The hubby and I just returned from an eleven day Caribbean cruise. Don’t hate us. It seems unspeakably cruel, however, to be basking in the glorious eighty degree sunshine one day and plunged back into the low thirties the next. That’s punishment enough for our short indulgence in Paradise.
Prior to the long-ago carefully planned cruise, Covid decided to mutate into yet another variant and rage across the world infecting everyone within a hundred square miles of us. The week before we left, every time we turned around, someone else we knew (vaccinated or not) was infected. On advice from a friend, we were told that if we had been exposed to Covid, we could get the antibodies at the Fair Grounds. Well, gee, at the rate people were dropping like flies around us, surely we had been exposed. So we made appointments to get the antibodies the week before the cruise. It sounded like a good idea at the time. We walked into the Okaloosa Fair Grounds and stopped at the check-in area, while my eyes took in the mass of germ-infested humanity before us. There were literally hundreds of human Covid incubators in the same room with us! Breathing the same air. I tried not to breathe through my mask. Fortunately, we were told that unless we were experiencing symptoms, we could not get the antibodies. I thanked God (as I did NOT want to be in that environment for one more minute with or without antibodies) and high-tailed it out of there, screeching at Hubby “Don’t touch ANYTHING!” The Heebie-Jeebies didn’t leave me until we were out of the parking lot.

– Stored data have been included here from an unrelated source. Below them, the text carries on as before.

lemma coherent_null_lines_eq_0:
  assumes r: "r \<in> Qset" and s: "s \<in> Qset" and "r \<noteq> s" "a \<noteq> b" "c \<noteq> 0"
    and ya: "qf (y - a *\<^sub>R r) = 0" and yb: "qf (y - b *\<^sub>R r) = 0" and yc: "qf (y - c *\<^sub>R s) = 0"
  shows "y = 0"
proof -
  have qr: "qf r = 0" and qs: "qf s = 0"
    using r s by (simp_all add: qf_Qset)
  have "qf y = 2 * a * minkowski y r" "qf y = 2 * b * minkowski y r"
    using ya yb qr by (simp_all add: qf_diff qf_scaleR minkowski_scaleR_right)
  then have yr: "minkowski y r = 0" and qy: "qf y = 0"
    using \<open>a \<noteq> b\<close> by simp_all
  have "y $ tidx *\<^sub>R r = r $ tidx *\<^sub>R y"
    using null_orthogonal_parallel[OF qr qy] yr by (simp add: minkowski_commute)
  then have y: "y = y $ tidx *\<^sub>R r"
    using r by (simp add: Qset_iff)
  have "minkowski r s \<noteq> 0"
    using Qset_minkowski_eq_0_imp_eq[OF r s] \<open>r \<noteq> s\<close> by blast
  moreover have "qf (y - c *\<^sub>R s) = - 2 * c * (y $ tidx) * minkowski r s"
    by (subst y) (simp add: qf_diff qf_scaleR minkowski_scaleR_left minkowski_scaleR_right qr qs)
  ultimately have "y $ tidx = 0"
    using yc \<open>c \<noteq> 0\<close> by simp
  then show ?thesis
    using y by simp
qed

Due to all the uncertainty of airline travel, we decided to cancel our flight and drive to Fort Lauderdale. The cruise line required a negative PCR Covid test within two days prior to departure, so we made appointments to get the test done at CVS on the Monday before we left. The two previous times we have had to get testing, the results were available the next day. We drove to Fort Lauderdale on Tuesday to spend the night and get on the ship Wednesday. All day, during the long nine-hour drive, I keep checking my texts. Nothing. The next morning, still nothing. I prayed that we hadn’t just spent a whole day driving and a not-so-great night in Fort Lauderdale for nothing.

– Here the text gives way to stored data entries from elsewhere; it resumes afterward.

(* Let $G$ be a connected, closed Lie subgroup of $SO_o(1,2)\ltimes\mathbb{R}^3\subset Iso(\mathbb{R}^3_1)$ which acts isometrically and with cohomogeneity one on $\mathbb{R}^3_1$. If $L(G)$ is conjugate to $SO(2)$ (i.e. to $K=\{\exp(tB_2):t\in\mathbb{R}\}$), then $G$ is conjugate within $SO_o(1,2)\ltimes\mathbb{R}^3$ to one of the following groups: (i) the standard embedding of $SO(2)\times\mathbb{R}$ in $SO_o(1,2)\ltimes\mathbb{R}^3$, namely $\{(\exp(tB_2),se_1):t,s\in\mathbb{R}\}$; (ii) the standard embedding of $Iso_o(\mathbb{R}^2)$ in $SO_o(1,2)\ltimes\mathbb{R}^3$, namely $\{(\exp(tB_2),ue_2+ve_3):t,u,v\in\mathbb{R}\}$.
   Context: $\mathbb{R}^3_1$ is $\mathbb{R}^3$ with the scalar product $\langle x,y\rangle=-x_1y_1+x_2y_2+x_3y_3$; its isometry group is $Iso(\mathbb{R}^3_1)=O(1,2)\ltimes\mathbb{R}^3$, where $(A,a)$ acts by $x\mapsto Ax+a$; $SO_o(1,2)$ is the identity component of $O(1,2)$. $L:G\to SO_o(1,2)$, $(A,a)\mapsto A$, is the projection to the linear part. $E_{ij}$ is the $3\times3$ matrix with $1$ in entry $(i,j)$ and $0$ elsewhere, $e_1,e_2,e_3$ is the standard basis, and $B_2=E_{23}-E_{32}$. An action is of cohomogeneity one if some orbit has codimension one. *)

theory Defs
  imports "HOL-Analysis.Analysis"
begin

type_synonym mat3 = "real^3^3"
type_synonym vec3 = "real^3"
type_synonym aff = "mat3 \<times> vec3"

definition lorentzJ :: mat3 where
  "lorentzJ = vector [vector [-1, 0, 0], vector [0, 1, 0], vector [0, 0, 1]]"

definition O12 :: "mat3 set" where
  "O12 = {A. transpose A ** lorentzJ ** A = lorentzJ}"

definition SOo12 :: "mat3 set" where
  "SOo12 = {A. A \<in> O12 \<and> det A = 1 \<and> A $ 1 $ 1 > 0}"

text \<open>Semidirect product SO_o(1,2) |x R^3; (A,a) acts by x \<mapsto> A x + a.\<close>
definition aff_mult :: "aff \<Rightarrow> aff \<Rightarrow> aff" where
  "aff_mult g h = (fst g ** fst h, fst g *v snd h + snd g)"

definition aff_inv :: "aff \<Rightarrow> aff" where
  "aff_inv g = (matrix_inv (fst g), - (matrix_inv (fst g) *v snd g))"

We checked in for the cruise at twelve-thirty. STILL no results, so the cruise company retested us. What was so unsettling was not the fact that I felt like I had been through roto-rooting my sinuses twice in one week. It was the thirty minute period in which we waited in limbo not knowing whether we would actually make it onto the ship or have to turn around and drive back to Fort Walton. To make matters worse, the ship was right there in front of us where we could see it, and we had to watch other passengers walk past us to board. So close, and yet, so far away. For some nail-biting reason, everyone who was tested right before us got their results within 15-20 minutes. Still, we sat. And waited. And waited. Our fate dragged out for what seemed like an eternity, as more people filed in to the waiting area behind us. Why was our test taking longer? Was there a problem with our tests? The pressure of the unknown became unbearable. FINALLY, the technician came out and handed us our results—no virus detected. Hallelujah! I was so relieved. It would have been a shame if Hubby was positive and I was negative. I would have missed him while I cruised. But, hey, it is what it is, right? (Stay tuned for part 2 next week.)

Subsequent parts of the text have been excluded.